:: Supplied information ::

lemma ex_strict_mono_on_onto_interval:
  fixes A :: "'a::linorder set"
  assumes "finite A"
  shows "\<exists>r :: 'a \<Rightarrow> nat. strict_mono_on A r \<and> r ` A = {1..card A}"
proof -
  define r where "r v = card {w\<in>A. w \<le> v}" for v
  have mono: "strict_mono_on A r"
  proof (rule strict_mono_onI)
    fix a b assume "a \<in> A" "b \<in> A" "a < b"
    then have "b \<in> {w\<in>A. w \<le> b} - {w\<in>A. w \<le> a}" "{w\<in>A. w \<le> a} \<subseteq> {w\<in>A. w \<le> b}"
      by auto
    then have "{w\<in>A. w \<le> a} \<subset> {w\<in>A. w \<le> b}" by blast
    then show "r a < r b" unfolding r_def by (rule psubset_card_mono[rotated]) (use assms in auto)
  qed
  have "r ` A \<subseteq> {1..card A}"
  proof
    fix y assume "y \<in> r ` A"
    then obtain a where a: "a \<in> A" "y = r a" by blast
    then have "1 \<le> r a" unfolding r_def using assms by (auto simp: Suc_le_eq card_gt_0_iff)
    moreover have "r a \<le> card A" unfolding r_def using assms by (intro card_mono) auto
    ultimately show "y \<in> {1..card A}" using a by simp
  qed
  moreover have "card (r ` A) = card {1..card A}"
    using card_image[OF strict_mono_on_imp_inj_on[OF mono]] by simp
  ultimately have "r ` A = {1..card A}" by (intro card_subset_eq) auto
  with mono show ?thesis by blast
qed

lemma ex_perm_order_iso:
  assumes "distinct t"
  shows "\<exists>p. is_perm p \<and> order_iso p t"
proof -
  obtain r :: "nat \<Rightarrow> nat" where r: "strict_mono_on (set t) r" "r ` set t = {1..card (set t)}"
    using ex_strict_mono_on_onto_interval[of "set t"] by auto
  have "is_perm (map r t)" unfolding is_perm_def
    using r distinct_card[OF assms] strict_mono_on_imp_inj_on[OF r(1)] assms
    by (simp add: distinct_map)
  moreover have "order_iso (map r t) t"
    unfolding order_iso_def using strict_mono_on_less[OF r(1)] by simp
  ultimately show ?thesis by blast
qed

lemma is_perm_nth_eq_card:
  assumes "is_perm s" "i < length s"
  shows "s ! i = card {j. j < length s \<and> s ! j \<le> s ! i}"
proof -
  have "(!) s ` {j. j < length s \<and> s ! j \<le> s ! i} = {w \<in> set s. w \<le> s ! i}"
    by (auto simp: in_set_conv_nth)
  also have "\<dots> = {1..s ! i}" using assms nth_mem[OF assms(2)] unfolding is_perm_def by auto
  finally have "card ((!) s ` {j. j < length s \<and> s ! j \<le> s ! i}) = s ! i" by simp
  moreover have "inj_on ((!) s) {j. j < length s \<and> s ! j \<le> s ! i}"
    using assms(1) unfolding is_perm_def by (intro inj_on_nth) auto
  ultimately show ?thesis by (simp add: card_image)
qed

lemma is_perm_order_iso_eq:
  assumes "is_perm p" "is_perm s" "order_iso p s"
  shows "p = s"
proof (rule nth_equalityI)
  show len: "length p = length s" using assms(3) unfolding order_iso_def by simp
  fix i assume i: "i < length p"
  have "{j. j < length p \<and> p ! j \<le> p ! i} = {j. j < length s \<and> s ! j \<le> s ! i}"
    using assms(3) i len unfolding order_iso_def by (auto simp: not_less[symmetric])
  then show "p ! i = s ! i"
    using is_perm_nth_eq_card[OF assms(1) i] is_perm_nth_eq_card[OF assms(2)] i len by simp
qed

definition nlrm_critical :: "'a::linorder list \<Rightarrow> bool" where
  "nlrm_critical s \<longleftrightarrow> (\<forall>i<length s. nlrm (remove_nth i s) < nlrm s)"

lemma basis_imp_nlrm_critical:
  assumes "s \<in> basis p"
  shows "is_perm s \<and> nlrm s = Suc p \<and> nlrm_critical s"
proof -
  have perm: "is_perm s" and "p < nlrm s"
    using assms unfolding basis_def C_eq by auto
  have removed: "nlrm (remove_nth i s) \<le> p" if "i < length s" for i
  proof -
    have "distinct (remove_nth i s)" using perm distinct_remove_nth unfolding is_perm_def by blast
    then obtain q where q: "is_perm q" "order_iso q (remove_nth i s)"
      using ex_perm_order_iso by blast
    have "pattern q s" unfolding pattern_def using q(2) subseq_remove_nth by blast
    moreover have "q \<noteq> s" using q(2) that unfolding order_iso_def by auto
    ultimately have "q \<in> C p" using assms q(1) unfolding basis_def by blast
    then show ?thesis using nlrm_order_iso[OF q(2)] unfolding C_eq by simp
  qed
  from \<open>p < nlrm s\<close> obtain u x w where s: "s = u @ x # w" and "\<exists>y\<in>set u. x < y"
    using nlrm_from_pos_split[of "{}" s] unfolding nlrm_def by auto
  then have "nlrm s = Suc (nlrm (remove_nth (length u) s))" using nlrm_remove_nonmax by blast
  moreover have "nlrm (remove_nth (length u) s) \<le> p" using removed[of "length u"] s by simp
  ultimately have "nlrm s = Suc p" using \<open>p < nlrm s\<close> by simp
  then show ?thesis using perm removed unfolding nlrm_critical_def by (simp add: le_imp_less_Suc)
qed

lemma nlrm_critical_imp_basis:
  assumes perm: "is_perm s" and "nlrm s = Suc p" and crit: "nlrm_critical s"
  shows "s \<in> basis p"
proof -
  have "q \<in> C p" if q: "is_perm q" "pattern q s" "q \<noteq> s" for q
  proof -
    from q(2) obtain t where t: "subseq t s" "order_iso q t" unfolding pattern_def by blast
    have "length t < length s"
    proof (rule ccontr)
      assume "\<not> length t < length s"
      then have "t = s" using t(1) list_emb_length subseq_same_length by (metis le_neq_implies_less)
      then show False using is_perm_order_iso_eq[OF q(1) perm] t(2) q(3) by simp
    qed
    then obtain i where i: "i < length s" "subseq t (remove_nth i s)"
      using subseq_remove_nth_if_shorter[OF t(1)] by blast
    have "nlrm q = nlrm t" using nlrm_order_iso[OF t(2)] .
    also have "\<dots> \<le> nlrm (remove_nth i s)" using nlrm_subseq[OF i(2)] .
    also have "\<dots> < nlrm s" using crit i(1) unfolding nlrm_critical_def by blast
    finally show ?thesis using q(1) \<open>nlrm s = Suc p\<close> unfolding C_eq by simp
  qed
  then show ?thesis using assms unfolding basis_def C_eq by auto
qed

lemma basis_eq: "basis p = {s. is_perm s \<and> nlrm s = Suc p \<and> nlrm_critical s}"
  using basis_imp_nlrm_critical nlrm_critical_imp_basis by blast

section \<open>Splitting at the maximum\<close>

lemma nlrm_append_max:
  assumes "\<forall>x\<in>set t. x < M" "\<forall>x\<in>set S. x < M"
  shows "nlrm (t @ M # S) = nlrm t + length S"
proof -
  have "nlrm_from (insert M (set t)) S = length S" using assms(2) by (intro nlrm_from_eq_length) auto
  moreover have "\<not> (\<exists>y\<in>set t. M < y)" using assms(1) by (auto dest: less_asym)
  ultimately show ?thesis unfolding nlrm_def by (simp add: nlrm_from_append)
qed

lemma all_less_add_Suc_iff:
  "(\<forall>i<m + Suc n. P i) \<longleftrightarrow> (\<forall>i<m. P i) \<and> P m \<and> (\<forall>k<n. P (Suc (m + k)))"
proof (intro iffI allI impI)
  fix i assume "(\<forall>i<m. P i) \<and> P m \<and> (\<forall>k<n. P (Suc (m + k)))" "i < m + Suc n"
  then show "P i" by (cases i m rule: linorder_cases) (auto dest!: less_imp_Suc_add)
qed auto

text \<open>Deleting an entry after the maximum M always loses a non-left-to-right maximum;
  deleting M itself loses one exactly when some entry after M exceeds everything before M.\<close>
lemma nlrm_critical_append_max:
  assumes dist: "distinct (t @ M # S)" and "\<forall>x\<in>set t. x < M" "\<forall>x\<in>set S. x < M"
  shows "nlrm_critical (t @ M # S) \<longleftrightarrow> nlrm_critical t \<and> (\<exists>s\<in>set S. \<forall>x\<in>set t. x < s)"
proof -
  have whole: "nlrm (t @ M # S) = nlrm t + length S" using nlrm_append_max assms by blast
  have before: "nlrm (remove_nth i (t @ M # S)) = nlrm (remove_nth i t) + length S"
    if "i < length t" for i
  proof -
    have "remove_nth i (t @ M # S) = remove_nth i t @ M # S"
      using that unfolding remove_nth_def by simp
    moreover have "\<forall>x\<in>set (remove_nth i t). x < M" using set_remove_nth_subset[of i t] assms(2) by blast
    ultimately show ?thesis using nlrm_append_max[OF _ assms(3)] by simp
  qed
  have at_max: "nlrm (remove_nth (length t) (t @ M # S)) = nlrm t + nlrm_from (set t) S"
    unfolding nlrm_def by (simp add: nlrm_from_append)
  have after: "nlrm (remove_nth (Suc (length t + k)) (t @ M # S)) < nlrm (t @ M # S)"
    if "k < length S" for k
  proof -
    have "remove_nth (Suc (length t + k)) (t @ M # S) = t @ M # remove_nth k S"
      unfolding remove_nth_def by simp
    moreover have "\<forall>x\<in>set (remove_nth k S). x < M" using set_remove_nth_subset[of k S] assms(3) by blast
    ultimately show ?thesis using nlrm_append_max[OF assms(2)] whole that by simp
  qed
  have "nlrm_from (set t) S < length S \<longleftrightarrow> (\<exists>s\<in>set S. \<forall>x\<in>set t. x \<le> s)"
    by (rule nlrm_from_less_length_iff)
  also have "\<dots> \<longleftrightarrow> (\<exists>s\<in>set S. \<forall>x\<in>set t. x < s)"
    using dist by (auto simp: le_less)
  finally have "nlrm_from (set t) S < length S \<longleftrightarrow> (\<exists>s\<in>set S. \<forall>x\<in>set t. x < s)" .
  then show ?thesis
    unfolding nlrm_critical_def length_append length_Cons all_less_add_Suc_iff
    using whole before at_max after by simp
qed

section \<open>Counting critical permutations\<close>

definition critical_lists :: "'a::linorder set \<Rightarrow> nat \<Rightarrow> 'a list set" where
  "critical_lists A q = {s \<in> permutations_of_set A. nlrm_critical s \<and> nlrm s = q}"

:: Action item ::
This exercise asks for an exact repeat of the lines from the one holding "using dist by (auto simp: le_less)" through the end of the data above.

:: Exercise response ::
    using dist by (auto simp: le_less)
  finally have "nlrm_from (set t) S < length S \<longleftrightarrow> (\<exists>s\<in>set S. \<forall>x\<in>set t. x < s)" .
  then show ?thesis
    unfolding nlrm_critical_def length_append length_Cons all_less_add_Suc_iff
    using whole before at_max after by simp
qed

section \<open>Counting critical permutations\<close>

definition critical_lists :: "'a::linorder set \<Rightarrow> nat \<Rightarrow> 'a list set" where
  "critical_lists A q = {s \<in> permutations_of_set A. nlrm_critical s \<and> nlrm s = q}"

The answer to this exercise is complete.